Japan narrowly avoided power cuts in the Tokyo region in spring and summer, but the latest forecasts anticipate power reserve levels this winter will surpass the 3% threshold for stable supply. Even so, utilities are incentivizing industrial customers to reduce power usage; the possibility of a colder-than-average winter means a December cold snap would bring a high probability of power shortages.
India’s government has tried to reduce petrol and diesel taxes to protect consumers. But increases in gas prices further complicate matters by pushing prices on other key domestic commodities; for example, high gas prices have raised prices for urea and potash, key inputs into fertilizer production, putting pressure on the fertilizer subsidy bill. The combination of higher commodity prices, geopolitical volatility, and outflows of FII are forcing interest rate hikes and creating a challenging policy environment.

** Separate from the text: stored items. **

(* Let $n\ge1$ and $\mathbf{P}_A,\mathbf{P}_B,\mathbf{Q}_A,\mathbf{Q}_B\in\mathbb{R}^{n\times n}$ be symmetric positive definite. Let $\mathbf{x}\in\mathbb{R}^n$, $\mathbf{x}\neq\mathbf{0}$. The following three cases are mutually exclusive and collectively exhaustive: (1) $\mathbf{x}^\intercal\mathbf{H}_{\mathrm{SCI}}'(0)\mathbf{x}<0$; in this case $g(\mathbf{x})=\mathbf{x}^\intercal\mathbf{H}_{\mathrm{SCI}}(0)\mathbf{x}$. (2) $\mathbf{x}^\intercal\mathbf{H}_{\mathrm{SCI}}'(1)\mathbf{x}>0$; in this case $g(\mathbf{x})=\mathbf{x}^\intercal\mathbf{H}_{\mathrm{SCI}}(1)\mathbf{x}$. (3) There exists a unique $\omega_0\in[0,1]$ such that $\mathbf{x}^\intercal\mathbf{H}_{\mathrm{SCI}}'(\omega_0)\mathbf{x}=0$; in this case $g(\mathbf{x})=\mathbf{x}^\intercal\mathbf{H}_{\mathrm{SCI}}(\omega_0)\mathbf{x}$.
   Context: $\mathbf{C}_A=\mathbf{P}_A+\mathbf{Q}_A$, $\mathbf{C}_B=\mathbf{P}_B+\mathbf{Q}_B$. For $\omega\in[0,1]$, $\bar\omega=1-\omega$, let $\mathbf{H}_{\mathrm{SCI}}(\omega)=\omega(\mathbf{P}_A+\omega\mathbf{Q}_A)^{-1}+\bar\omega(\mathbf{P}_B+\bar\omega\mathbf{Q}_B)^{-1}$ and $\mathbf{H}_{\mathrm{SCI}}'$ its derivative with respect to $\omega$. $\mathcal{A}_{\mathrm{Split}}=\{\mathbf{M}\in\mathbb{R}^{n\times n} : \begin{bmatrix}\mathbf{P}_A & \mathbf{M}\\ \mathbf{M}^\intercal & \mathbf{P}_B\end{bmatrix}\succeq 0\}$. For $\mathbf{K}=(\mathbf{K}_A,\mathbf{K}_B)$, $\mathbf{C}_F(\mathbf{K},\mathbf{P}_{AB})=\mathbf{K}_A\mathbf{C}_A\mathbf{K}_A^\intercal+\mathbf{K}_A\mathbf{P}_{AB}\mathbf{K}_B^\intercal+\mathbf{K}_B\mathbf{P}_{AB}^\intercal\mathbf{K}_A^\intercal+\mathbf{K}_B\mathbf{C}_B\mathbf{K}_B^\intercal$. For $\mathbf{P}_{AB}\in\mathcal{A}_{\mathrm{Split}}$ let $\mathbf{R}=\mathbf{C}_A+\mathbf{C}_B-\mathbf{P}_{AB}-\mathbf{P}_{AB}^\intercal$, $\mathbf{K}_A^*=(\mathbf{C}_B-\mathbf{P}_{AB}^\intercal)\mathbf{R}^{-1}$, $\mathbf{C}_F^*(\mathbf{P}_{AB})=\mathbf{C}_F((\mathbf{K}_A^*,\mathbf{I}-\mathbf{K}_A^* ),\mathbf{P}_{AB})$ and $\mathbf{M}_F^*(\mathbf{P}_{AB})=\mathbf{C}_F^*(\mathbf{P}_{AB})^{-1}$. Define $g(\mathbf{x})=\min_{\mathbf{P}_{AB}\in\mathcal{A}_{\mathrm{Split}}}\mathbf{x}^\intercal\mathbf{M}_F^*(\mathbf{P}_{AB})\mathbf{x}$. *)

theory Defs
  imports "HOL-Analysis.Analysis"
begin
lemma gadget_reachable_from_hub:
  assumes "v \<in> gadget_vertices n"
  shows "(adj (gadget_edges n))\<^sup>*\<^sup>* 0 v"
proof -
  have hub: "adj (gadget_edges n) 0 w" if "w \<in> nbhd (gadget_edges n) 0" for w
    using that by (simp add: adj_def mem_nbhd_iff)
  have "(adj (gadget_edges n))\<^sup>*\<^sup>* 0 v" if "i < n" "v \<in> {xa i, xb i, ya i, yb i}" for i
  proof -
    have x: "adj (gadget_edges n) 0 (xa i)" "adj (gadget_edges n) 0 (xb i)"
      using hub nbhd_gadget_hub \<open>i < n\<close> by auto
    have y: "adj (gadget_edges n) (xa i) (ya i)" "adj (gadget_edges n) (xa i) (yb i)"
      using nbhd_gadget_x(1)[OF \<open>i < n\<close>] by (auto simp: adj_def mem_nbhd_iff set_eq_iff)
    have "(adj (gadget_edges n))\<^sup>*\<^sup>* 0 (ya i)" "(adj (gadget_edges n))\<^sup>*\<^sup>* 0 (yb i)"
      using x(1) y by (auto intro: converse_rtranclp_into_rtranclp)
    with x that(2) show ?thesis by auto
  qed
  moreover have "adj (gadget_edges n) 0 1" using hub nbhd_gadget_hub by auto
  ultimately show ?thesis using assms unfolding gadget_vertices_def by blast
qed

lemma connected_gadget: "connected_graph (gadget_vertices n) (gadget_edges n)"
proof -
  have "symp (adj (gadget_edges n))" by (auto simp: symp_def adj_def insert_commute)
  then have sym: "symp (adj (gadget_edges n))\<^sup>*\<^sup>*" by (rule symp_rtranclp)
  have "(adj (gadget_edges n))\<^sup>*\<^sup>* u v"
    if "u \<in> gadget_vertices n" "v \<in> gadget_vertices n" for u v
    using sympD[OF sym gadget_reachable_from_hub[OF that(1)]] gadget_reachable_from_hub[OF that(2)]
    by (rule rtranclp_trans)
  moreover have "gadget_vertices n \<noteq> {}" by (simp add: gadget_vertices_def)
  ultimately show ?thesis
    unfolding connected_graph_def using simple_graph_gadget by blast
qed

lemma gadget_nbhd_not_subset_singleton:
  assumes "v \<in> gadget_vertices n" "v \<noteq> 1" "n \<ge> 1"
  shows "\<not> nbhd (gadget_edges n) v \<subseteq> {w}"
proof -
  have "v = 0 \<or> (\<exists>i<n. v \<in> {xa i, xb i, ya i, yb i})"
    using assms(1,2) unfolding gadget_vertices_def by blast
  then show ?thesis
  proof (elim disjE exE conjE)
    assume "v = 0"
    moreover have "1 \<in> nbhd (gadget_edges n) 0" "xa 0 \<in> nbhd (gadget_edges n) 0"
      using assms(3) nbhd_gadget_hub[of n] by auto
    moreover have "xa 0 \<noteq> 1" by simp
    ultimately show ?thesis by blast
  next
    fix i assume "i < n" "v \<in> {xa i, xb i, ya i, yb i}"
    then show ?thesis using nbhd_gadget_x[OF \<open>i < n\<close>] nbhd_gadget_y[OF \<open>i < n\<close>] by auto
  qed
qed

lemma det_index_admissible_gadget:
  assumes "n \<ge> 1"
  shows "det_index_admissible (gadget_vertices n) (gadget_edges n)"
proof -
  have no_isolated: "{v. isolated (gadget_vertices n) (gadget_edges n) v} = {}"
  proof (intro equals0I)
    fix v assume "v \<in> {v. isolated (gadget_vertices n) (gadget_edges n) v}"
    then have v: "v \<in> gadget_vertices n" "nbhd (gadget_edges n) v = {}"
      unfolding isolated_def nbhd_def by auto
    then have "v \<noteq> 1" using nbhd_gadget_pendant[of n] by auto
    with v show False using gadget_nbhd_not_subset_singleton[OF v(1) _ assms, of 0] by simp
  qed
  have no_K2: "\<not> K2_component (gadget_edges n) u v" for u v
  proof
    assume K: "K2_component (gadget_edges n) u v"
    then have V: "u \<in> gadget_vertices n" "v \<in> gadget_vertices n"
      using simple_graph_edge_vertices[OF simple_graph_gadget] unfolding K2_component_def by blast+
    have N: "nbhd (gadget_edges n) u \<subseteq> {v}" "nbhd (gadget_edges n) v \<subseteq> {u}"
      using K unfolding K2_component_def nbhd_def by (auto simp: insert_commute)
    have "u \<noteq> 1 \<or> v \<noteq> 1" using K unfolding K2_component_def by blast
    then show False
      using gadget_nbhd_not_subset_singleton[OF V(1) _ assms] N(1)
        gadget_nbhd_not_subset_singleton[OF V(2) _ assms] N(2) by blast
  qed
  show ?thesis unfolding det_index_admissible_def no_isolated using no_K2 by simp
qed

In many instances, response measures have taken the form of subsidies. Japan is paying fuel subsidies to distributors to lower consumer gasoline prices at the pump, while South Korea is subsidizing diesel for commercial drivers of trucks and taxis. In Indonesia, ballooning fuel price subsidies have nearly tripled from original budget levels but also absorbed shocks of rising costs. Should the deficit threaten its fiscal credibility, the government may have to push some subsidy burden to the balance sheets of state enterprises, but with the promise of some relief in 2023. And with elections looming, Thailand may be unwilling to expose its consumers to energy price shocks, thus requiring an extension of electricity subsidies.